Suomen Kaapelitehdas was acquired by Suomen Gummitehdas Oy (Finnish Rubber Works) in 1922. Suomen Gummitehdas was renamed Suomen Kumitehdas in 1959, and the companies Suomen Kumitehdas, Nokia Aktiebolag and Suomen Kaapelitehdas were merged in 1966–1967 to form Oy Nokia Ab (Nokia Corporation).

== Cultural centre ==
The building was acquired by the city of Helsinki and converted into a cultural centre, where various private and public organisations are based and can hold events large and small, concerts, exhibitions, fairs and festivals. There are also artist studios and the rent from the studios made the project financially viable. As of 2005, the turnover was 3.5 million euros.

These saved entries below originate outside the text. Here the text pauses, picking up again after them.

lemma l_num_add_arc_matching_number:
  assumes G: "rooted_digraph V A X r" and "acyclic A"
  shows "l_num V A X + card X + arc_matching_number A = card V"
proof -
  have "finite V" "A \<subseteq> V \<times> V" using G unfolding rooted_digraph_def by auto
  let ?S = "{card (tree_leaves V T - X) | T. spanning_tree V A r T}"
  obtain T0 where T0: "spanning_tree V A r T0"
    "card (tree_leaves V T0 - X) + card X + arc_matching_number A = card V"
    using optimal_spanning_tree_exists[OF G \<open>acyclic A\<close>] .
  have lower: "card (tree_leaves V T0 - X) \<le> n" if "n \<in> ?S" for n
  proof -
    from that obtain T where T: "spanning_tree V A r T" "n = card (tree_leaves V T - X)" by blast
    hence "T \<subseteq> A" unfolding spanning_tree_def by blast
    have "card V \<le> card (tree_leaves V T) + arc_matching_number A"
      using \<open>finite V\<close> \<open>A \<subseteq> V \<times> V\<close> T(1) by (rule card_le_tree_leaves_add_arc_matching_number)
    thus ?thesis
      using card_tree_leaves_diff_sinks[OF G \<open>T \<subseteq> A\<close>] T(2) T0(2) by linarith
  qed
  have "?S \<subseteq> {..card V}"
  proof
    fix n assume "n \<in> ?S"
    then obtain T where "n = card (tree_leaves V T - X)" by blast
    moreover have "tree_leaves V T - X \<subseteq> V" unfolding tree_leaves_def by blast
    ultimately show "n \<in> {..card V}" using card_mono[OF \<open>finite V\<close>] by simp
  qed
  hence "Min ?S = card (tree_leaves V T0 - X)"
    using T0(1) lower by (intro Min_eqI) (auto intro: finite_subset)
  thus ?thesis unfolding l_num_def root_eq[OF G] using T0(2) by simp
qed

section \<open>Attaching leaves\<close>

fun finite_net :: "'a set \<times> ('a \<times> 'a) set \<times> 'a set \<Rightarrow> bool" where
  "finite_net (V, A, X) \<longleftrightarrow> finite V \<and> A \<subseteq> V \<times> V \<and> X \<subseteq> V"

fun matching_defect :: "'a set \<times> ('a \<times> 'a) set \<times> 'a set \<Rightarrow> int" where
  "matching_defect (V, A, X) = int (card V) - int (card X) - int (arc_matching_number A)"

lemma arc_matching_number_subdivide_le:
  assumes "finite A"
  shows "arc_matching_number ((A - {(a, b)}) \<union> {(a, u), (u, b), (u, y)}) \<le> arc_matching_number A + 2"
    (is "arc_matching_number ?A' \<le> _")
proof -
  define S where "S = {(a, u), (u, b), (u, y)}"
  obtain F' where F': "arc_matching ?A' F'" "card F' = arc_matching_number ?A'"
    using maximum_arc_matching_exists[of ?A'] \<open>finite A\<close> by auto
  have "F' - S \<subseteq> A" using F'(1) unfolding arc_matching_def S_def by blast
  with arc_matching_subset[OF F'(1) Diff_subset] have "arc_matching A (F' - S)" .
  hence "card (F' - S) \<le> arc_matching_number A" using \<open>finite A\<close> by (rule card_le_arc_matching_number[rotated])
  moreover have "card (F' \<inter> S) \<le> 2"
  proof -
    have "inj_on fst (F' \<inter> S)"
      using F'(1) inj_on_subset[OF _ Int_lower1] unfolding arc_matching_def by blast
    hence "card (F' \<inter> S) = card (fst ` (F' \<inter> S))" by (simp add: card_image)
    also have "\<dots> \<le> card {a, u}" by (rule card_mono) (auto simp: S_def)
    also have "\<dots> \<le> 2" by (simp add: card_insert_le_m1)
    finally show ?thesis .
  qed
  moreover have "card F' \<le> card (F' - S) + card (F' \<inter> S)"
    by (metis Un_Diff_Int card_Un_le)
  ultimately show ?thesis using F'(2) by linarith
qed

lemma attach_leaf_matching_defect:
  assumes "attach_leaf N N'" "finite_net N"
  shows "finite_net N' \<and> matching_defect N \<le> matching_defect N' + 1"
proof -
  obtain V A X a b u y where N: "N = (V, A, X)" and "(a, b) \<in> A" "u \<notin> V" "y \<notin> V" "u \<noteq> y"
    and N': "N' = (V \<union> {u, y}, (A - {(a, b)}) \<union> {(a, u), (u, b), (u, y)}, X \<union> {y})"
    using assms(1) unfolding attach_leaf_def by blast
  have "finite V" "A \<subseteq> V \<times> V" "X \<subseteq> V" using assms(2) N by auto
  have "finite A" using \<open>A \<subseteq> V \<times> V\<close> \<open>finite V\<close> by (rule finite_arcs)
  have "card (V \<union> {u, y}) = card V + 2" using \<open>finite V\<close> \<open>u \<notin> V\<close> \<open>y \<notin> V\<close> \<open>u \<noteq> y\<close> by simp
  moreover have "card (X \<union> {y}) = card X + 1"
  proof -
    have "y \<notin> X" using \<open>X \<subseteq> V\<close> \<open>y \<notin> V\<close> by blast
    thus ?thesis using finite_subset[OF \<open>X \<subseteq> V\<close> \<open>finite V\<close>] by simp
  qed
  moreover have "finite_net N'"
    using \<open>finite V\<close> \<open>A \<subseteq> V \<times> V\<close> \<open>X \<subseteq> V\<close> \<open>(a, b) \<in> A\<close> unfolding N' by auto
  ultimately show ?thesis
    using arc_matching_number_subdivide_le[OF \<open>finite A\<close>, of a b u y] unfolding N N' by simp
qed

lemma relpowp_attach_leaf_matching_defect:
  "(attach_leaf ^^ k) N N' \<Longrightarrow> finite_net N \<Longrightarrow> finite_net N' \<and> matching_defect N \<le> matching_defect N' + int k"
proof (induction k arbitrary: N')
  case (Suc k)
  from Suc.prems(1) obtain N'' where "(attach_leaf ^^ k) N N''" "attach_leaf N'' N'"
    by (rule relpowp_Suc_E)
  with Suc.IH[of N''] Suc.prems(2) attach_leaf_matching_defect[of N'' N'] show ?case by auto
qed simp

lemma tree_based_matching_defect_nonpos:
  assumes "finite_net (V, A, X)" "tree_based V A X"
  shows "matching_defect (V, A, X) \<le> 0"
proof -
  have "finite V" "A \<subseteq> V \<times> V" "X \<subseteq> V" using assms(1) by auto
  obtain T where T: "spanning_tree V A (root V A) T" "tree_leaves V T \<subseteq> X"
    using assms(2) unfolding tree_based_def by blast
  have "card (tree_leaves V T) \<le> card X"
    using card_mono[OF finite_subset[OF \<open>X \<subseteq> V\<close> \<open>finite V\<close>] T(2)] .
  thus ?thesis
    using card_le_tree_leaves_add_arc_matching_number[OF \<open>finite V\<close> \<open>A \<subseteq> V \<times> V\<close> T(1)] by simp
qed

lemma rooted_digraph_attach_leaf:
  assumes G: "rooted_digraph V A X r" and "(v, w) \<in> A" "u \<notin> V" "y \<notin> V" "u \<noteq> y"
  shows "rooted_digraph (V \<union> {u, y}) ((A - {(v, w)}) \<union> {(v, u), (u, w), (u, y)}) (X \<union> {y}) r"
    (is "rooted_digraph ?V ?A ?X r")
proof -
  have "finite V" and AV: "A \<subseteq> V \<times> V" and "r \<in> V" and no_parent: "\<forall>z. (z, r) \<notin> A"
    and parent: "\<forall>x\<in>V. x \<noteq> r \<longrightarrow> (\<exists>z. (z, x) \<in> A)"
    and X: "X = {x \<in> V. \<forall>z. (x, z) \<notin> A}"
    using G unfolding rooted_digraph_def by auto
  have "v \<in> V" "w \<in> V" "w \<noteq> r" using \<open>(v, w) \<in> A\<close> AV no_parent by auto
  have "?A \<subseteq> ?V \<times> ?V" using AV \<open>v \<in> V\<close> \<open>w \<in> V\<close> by auto
  moreover have "\<forall>z. (z, r) \<notin> ?A" using no_parent \<open>w \<noteq> r\<close> \<open>u \<notin> V\<close> \<open>y \<notin> V\<close> \<open>r \<in> V\<close> by auto
  moreover have "\<exists>z. (z, x) \<in> ?A" if "x \<in> ?V" "x \<noteq> r" for x
  proof (cases "x \<in> {u, y, w}")
    case False
    with that parent obtain z where "(z, x) \<in> A" by auto
    with False show ?thesis by blast
  qed auto
  moreover have "?X = {x \<in> ?V. \<forall>z. (x, z) \<notin> ?A}"
  proof -
    have "\<forall>z. (y, z) \<notin> A" "\<forall>z. (u, z) \<notin> A" using AV \<open>u \<notin> V\<close> \<open>y \<notin> V\<close> by auto
    moreover have "v \<notin> X" using X \<open>(v, w) \<in> A\<close> by blast
    ultimately show ?thesis unfolding X using \<open>u \<notin> V\<close> \<open>u \<noteq> y\<close> \<open>y \<notin> V\<close> \<open>v \<in> V\<close> by auto
  qed
  ultimately show ?thesis using \<open>finite V\<close> \<open>r \<in> V\<close> unfolding rooted_digraph_def by blast
qed

lemma spanning_tree_attach_leaf:
  assumes T: "spanning_tree V A r T" and "A \<subseteq> V \<times> V" "r \<in> V"
    and "v \<in> V" "(v, w) \<notin> T" "u \<notin> V" "y \<notin> V" "u \<noteq> y"
  shows "spanning_tree (V \<union> {u, y}) ((A - {(v, w)}) \<union> {(v, u), (u, w), (u, y)}) r
           (insert (v, u) (insert (u, y) T))"
    (is "spanning_tree ?V ?A r ?T")
proof -
  have "T \<subseteq> A" and no_parent: "\<forall>z. (z, r) \<notin> T"
    and one_parent: "\<forall>x\<in>V. x \<noteq> r \<longrightarrow> card {z. (z, x) \<in> T} = 1"
    and reach: "\<forall>x\<in>V. (r, x) \<in> T\<^sup>*"
    using T unfolding spanning_tree_def by auto
  have TV: "T \<subseteq> V \<times> V" using \<open>T \<subseteq> A\<close> \<open>A \<subseteq> V \<times> V\<close> by blast
  have "?T \<subseteq> ?A" using \<open>T \<subseteq> A\<close> \<open>(v, w) \<notin> T\<close> by blast
  moreover have "\<forall>z. (z, r) \<notin> ?T" using no_parent \<open>r \<in> V\<close> \<open>u \<notin> V\<close> \<open>y \<notin> V\<close> by auto
  moreover have "card {z. (z, x) \<in> ?T} = 1" if "x \<in> ?V" "x \<noteq> r" for x
  proof -
    consider "x \<in> V" | "x = u" | "x = y" using \<open>x \<in> ?V\<close> by blast
    thus ?thesis
    proof cases
      case 1
      hence "{z. (z, x) \<in> ?T} = {z. (z, x) \<in> T}" using \<open>u \<notin> V\<close> \<open>y \<notin> V\<close> by auto
      thus ?thesis using one_parent 1 \<open>x \<noteq> r\<close> by simp
    next
      case 2
      hence "{z. (z, x) \<in> ?T} = {v}" using TV \<open>u \<notin> V\<close> \<open>u \<noteq> y\<close> by auto
      thus ?thesis by simp
    next
      case 3
      hence "{z. (z, x) \<in> ?T} = {u}" using TV \<open>y \<notin> V\<close> \<open>v \<in> V\<close> \<open>u \<noteq> y\<close> by auto
      thus ?thesis by simp
    qed
  qed
  moreover have "(r, x) \<in> ?T\<^sup>*" if "x \<in> ?V" for x
  proof -
    have "T\<^sup>* \<subseteq> ?T\<^sup>*" by (rule rtrancl_mono) blast
    hence "(r, v) \<in> ?T\<^sup>*" using reach \<open>v \<in> V\<close> by blast
    hence "(r, u) \<in> ?T\<^sup>*" by (rule rtrancl_into_rtrancl) simp
    hence "(r, y) \<in> ?T\<^sup>*" by (rule rtrancl_into_rtrancl) simp
    thus ?thesis using that reach \<open>T\<^sup>* \<subseteq> ?T\<^sup>*\<close> \<open>(r, u) \<in> ?T\<^sup>*\<close> by blast
  qed
  ultimately show ?thesis unfolding spanning_tree_def by blast
qed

Kaapelitehdas is the home of three museums – Finnish Museum of Photography, Theatre Museum and Hotel and Restaurant Museum. It also provides space for galleries, dance theatres, ateliers, art schools, rehearsing studios, radio stations and a popular restaurant named Hima & Sali.

The company Kiinteistö Oy Kaapelitalo is responsible for developing, renting and maintaining the facilities. Kiinteistö Oy Kaapelitalo is owned by the City of Helsinki. Since 1 January 2008, the company has also managed an old gasworks in the eastern part of the city center. Renovation and renting of the Suvilahti will take years.

Kaapelitehdas is a member of the Trans Europe Halles (TEH) network of independent cultural centres in Europe. The TEH Communication and Administration Office was set up there in 2003.